"Al que puede ser sabio, no le perdonamos que no lo sea" (Camino 332) La frase de San Josemaría Escrivá (1902-1975) si bien se refiere a la formación y al estudio puede ser aplicada a otras dimensiones de la vida. Todas aquellas en las que fabricamos techos que no podemos perforar. En el fondo se trata de límites autoimpuestos. Es como tener la madera, pero edificamos cúpulas en vez de escaleras. Y mientras construimos nuestros techos, un sueño se estrella en la bóveda. "Es amor lo que sangra sobre el techo", nos dirá la inspirada lira de Gustavo Cerati ("La cúpula" Soda Stereo, 1988)


LO QUE SANGRA

Creo, y uso este término porque hablo desde la fe, que es el Amor de Dios el que sangra en la cúpula (Gustavo, sabrá perdonarme esta libre interpretación de su lírica).


Paso a explicar el punto.
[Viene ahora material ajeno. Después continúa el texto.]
(* (Variable Confidence Level Bound.) Let $L$ be a positive integer and $X_1,\dots,X_L$ i.i.d. random variables supported on $[0,1]$ with mean $\mu$. For any $a>0$ and $b>0$, \[ \Pr\Big(\forall t\in\{1,\dots,L\}:\ \Big|\frac1t\sum_{i=1}^tX_i-\mu\Big|\le\sqrt{\frac{a+b\ln(L/t)}{t}}\Big)\ge 1-\frac{2^{b/2+2}}{2^{b/2}-1}\exp(-a/2). \] *)

theory Defs
  imports "HOL-Probability.Probability"
begin

end

(*
  For fixed lambda, Hoeffding's lemma makes the running products of
  exp (lambda (X_i - mu) - lambda^2 / 8) a nonnegative supermartingale of mean at most 1.
  Freezing it once it reaches e^c and applying Markov's inequality gives Ville's maximal
  inequality: the products ever reach e^c with probability at most e^-c.

  To make the bound uniform in t, peel {1..L} into the dyadic blocks L/2^(j+1) < t <= L/2^j.
  Block j gets the level c_j = a + j b ln 2 and the parameter lambda_j tuned to time L/2^j;
  a deviation larger than sqrt ((a + b ln (L/t)) / t) at a time t of block j then pushes the
  j-th product above e^(c_j). Summing e^(-c_j) = e^-a 2^(-j b) over j gives
  e^-a / (1 - 2^-b); the lower deviations are the upper deviations of -X_i, and twice this
  bound is below the constant of the statement.
*)
theory Submission
  imports Defs
begin

lemma (in prob_space) indep_var_nn_integral_mult:
  fixes X1 X2 :: "'a \<Rightarrow> real"
  assumes "indep_var borel X1 borel X2" "\<And>\<omega>. 0 \<le> X1 \<omega>" "\<And>\<omega>. 0 \<le> X2 \<omega>"
  shows "(\<integral>\<^sup>+\<omega>. ennreal (X1 \<omega> * X2 \<omega>) \<partial>M) = (\<integral>\<^sup>+\<omega>. X1 \<omega> \<partial>M) * (\<integral>\<^sup>+\<omega>. X2 \<omega> \<partial>M)"
proof -
  have borel_eq: "(\<lambda>_. borel) = case_bool borel borel"
    by (simp add: fun_eq_iff split: bool.split)
  have "indep_var borel (ennreal \<circ> X1) borel (ennreal \<circ> X2)"
    by (rule indep_var_compose[OF assms(1)]) auto
  then have "indep_vars (\<lambda>_. borel) (case_bool (ennreal \<circ> X1) (ennreal \<circ> X2)) UNIV"
    unfolding indep_var_def borel_eq .
  then have "(\<integral>\<^sup>+\<omega>. (\<Prod>i\<in>UNIV. case_bool (ennreal \<circ> X1) (ennreal \<circ> X2) i \<omega>) \<partial>M)
               = (\<Prod>i\<in>UNIV. \<integral>\<^sup>+\<omega>. case_bool (ennreal \<circ> X1) (ennreal \<circ> X2) i \<omega> \<partial>M)"
    by (intro indep_vars_nn_integral) auto
  then show ?thesis
    using assms(2,3) by (simp add: UNIV_bool ennreal_mult mult.commute o_def)
qed

primrec stopped_prod :: "real \<Rightarrow> nat \<Rightarrow> (nat \<Rightarrow> real) \<Rightarrow> real" where
  "stopped_prod C 0 f = 1"
| "stopped_prod C (Suc k) f =
     (if C \<le> stopped_prod C k f then stopped_prod C k f else stopped_prod C k f * f (Suc k))"

lemma stopped_prod_cong:
  "(\<And>i. i \<in> {1..k} \<Longrightarrow> f i = g i) \<Longrightarrow> stopped_prod C k f = stopped_prod C k g"
  by (induction k) auto

lemma stopped_prod_nonneg: "(\<And>i. 0 \<le> f i) \<Longrightarrow> 0 \<le> stopped_prod C k f"
  by (induction k) auto

lemma stopped_prod_ge_or_eq_prod: "C \<le> stopped_prod C k f \<or> stopped_prod C k f = (\<Prod>i=1..k. f i)"
  by (induction k) (auto simp: prod.nat_ivl_Suc' mult.commute)

lemma stopped_prod_ge_mono: "C \<le> stopped_prod C k f \<Longrightarrow> k \<le> m \<Longrightarrow> C \<le> stopped_prod C m f"
  by (induction m) (auto simp: le_Suc_eq)

lemma stopped_prod_ge_if_prod_ge: "t \<le> n \<Longrightarrow> C \<le> (\<Prod>i=1..t. f i) \<Longrightarrow> C \<le> stopped_prod C n f"
  using stopped_prod_ge_or_eq_prod[of C t f] stopped_prod_ge_mono[of C t f n] by auto

lemma borel_measurable_stopped_prod:
  "{1..k} \<subseteq> I \<Longrightarrow> stopped_prod C k \<in> borel_measurable (PiM I (\<lambda>_. borel))"
proof (induction k)
  case 0
  have "stopped_prod C 0 = (\<lambda>_. 1)"
    by (rule ext) simp
  then show ?case
    by simp
next
  case (Suc k)
  have "{1..k} \<subseteq> I"
    using Suc.prems by auto
  with Suc.IH have [measurable]: "stopped_prod C k \<in> borel_measurable (PiM I (\<lambda>_. borel))"
    by blast
  have [measurable]: "(\<lambda>f. f (Suc k)) \<in> borel_measurable (PiM I (\<lambda>_. borel))"
    using Suc.prems by (intro measurable_component_singleton) auto
  show ?case
    unfolding stopped_prod.simps by measurable
qed

lemma borel_measurable_stopped_prod_process:
  assumes "\<And>i. i \<in> {1..k} \<Longrightarrow> Y i \<in> borel_measurable M"
  shows "(\<lambda>\<omega>. stopped_prod C k (\<lambda>i. Y i \<omega>)) \<in> borel_measurable M"
  using assms
proof (induction k)
  case (Suc k)
  then have [measurable]: "(\<lambda>\<omega>. stopped_prod C k (\<lambda>i. Y i \<omega>)) \<in> borel_measurable M"
    and [measurable]: "Y (Suc k) \<in> borel_measurable M"
    by auto
  show ?case
    unfolding stopped_prod.simps by measurable
qed simp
Cada vez que ponemos un techo a nuestra lucha por el bien, estamos obstaculizando el sueño de Dios para cada uno de nosotros. No es Dios el que falla. Es la persona que al elegir suele dar la espalda a los reclamos de su destino. No somos una pasión inútil, como decía el filósofo existencialista Jean-Paul Sartre (1905-1980). Tampoco somos el influjo irresistible del azar que hace que las causas obren en determinado sentido, según el premio Nobel de Fisiología Jacques Monod (1910-1976) Somos obra de un Dios que al crearnos nos dejó las huellas de lo infinito. Por eso esa sed irreprimible que no sacia la suma de bienes finitos. Ser buenos, ser santos, no es exigencia de ninguna norma externa. Es el reclamo de nuestra naturaleza racional y libre.


Este planteo no es sólo para los creyentes. Para quienes tienen fe como para aquellos que no creen, podemos decir que es la humanidad la que también queda herida (en la cúpula). Y esto, va más allá de la religión y de las cosmovisiones individuales. Cada persona viene al mundo con sus talentos, distintos en número y grados de perfección. Todos ellos al servicio de un proyecto de vida que, de adecuarse a la lógica del Fin y de los fines, tendería naturalmente al bien y a la perfección. Por eso nos cuesta entender que pudiendo ser justos nos conformemos con no serlo. Sería una claudicación ante lo que estamos llamados a ser. Algo así como teniendo alas para volar nos contentemos con reptar. Ser sabio, justo o santo no es lo raro. Lo raro es no querer serlo.


BUSCADORES DE ESTRELLAS

Estamos llamados a ser buscadores de estrellas y en vez de ello, nos encerramos en bóvedas con techos de vidrio. Las vemos brillar en el horizonte, pero no las podemos alcanzar. "Te rescataré", dice la canción. Siempre he pensado que son las estrellas las que vendrán a rescatarnos de nuestros atajos mentales que llevan a decisiones morales erróneas. Con su enorme poder de atracción, ellas desencadenan nuestras mejores acciones. Quizás no las alcancemos, pero es esa lucha la que nos permite perforar nuestro techo y avanzar por el camino correcto.


"Yo conozco ese lugar donde revientan las estrellas", nos recuerda un inspirado Cerati. Es el techo de cristal autoimpuesto, lo que nos limita y encierra. De allí al fracaso, hay un solo paso: la desesperanza. Y la desesperanza causa agotamiento mental, moral y emocional. Bien podemos decir que la desesperanza es el lugar del no ser, donde se estrellan nuestros sueños. Por eso, no sólo Dios sangra, también la humanidad llora en la cúpula.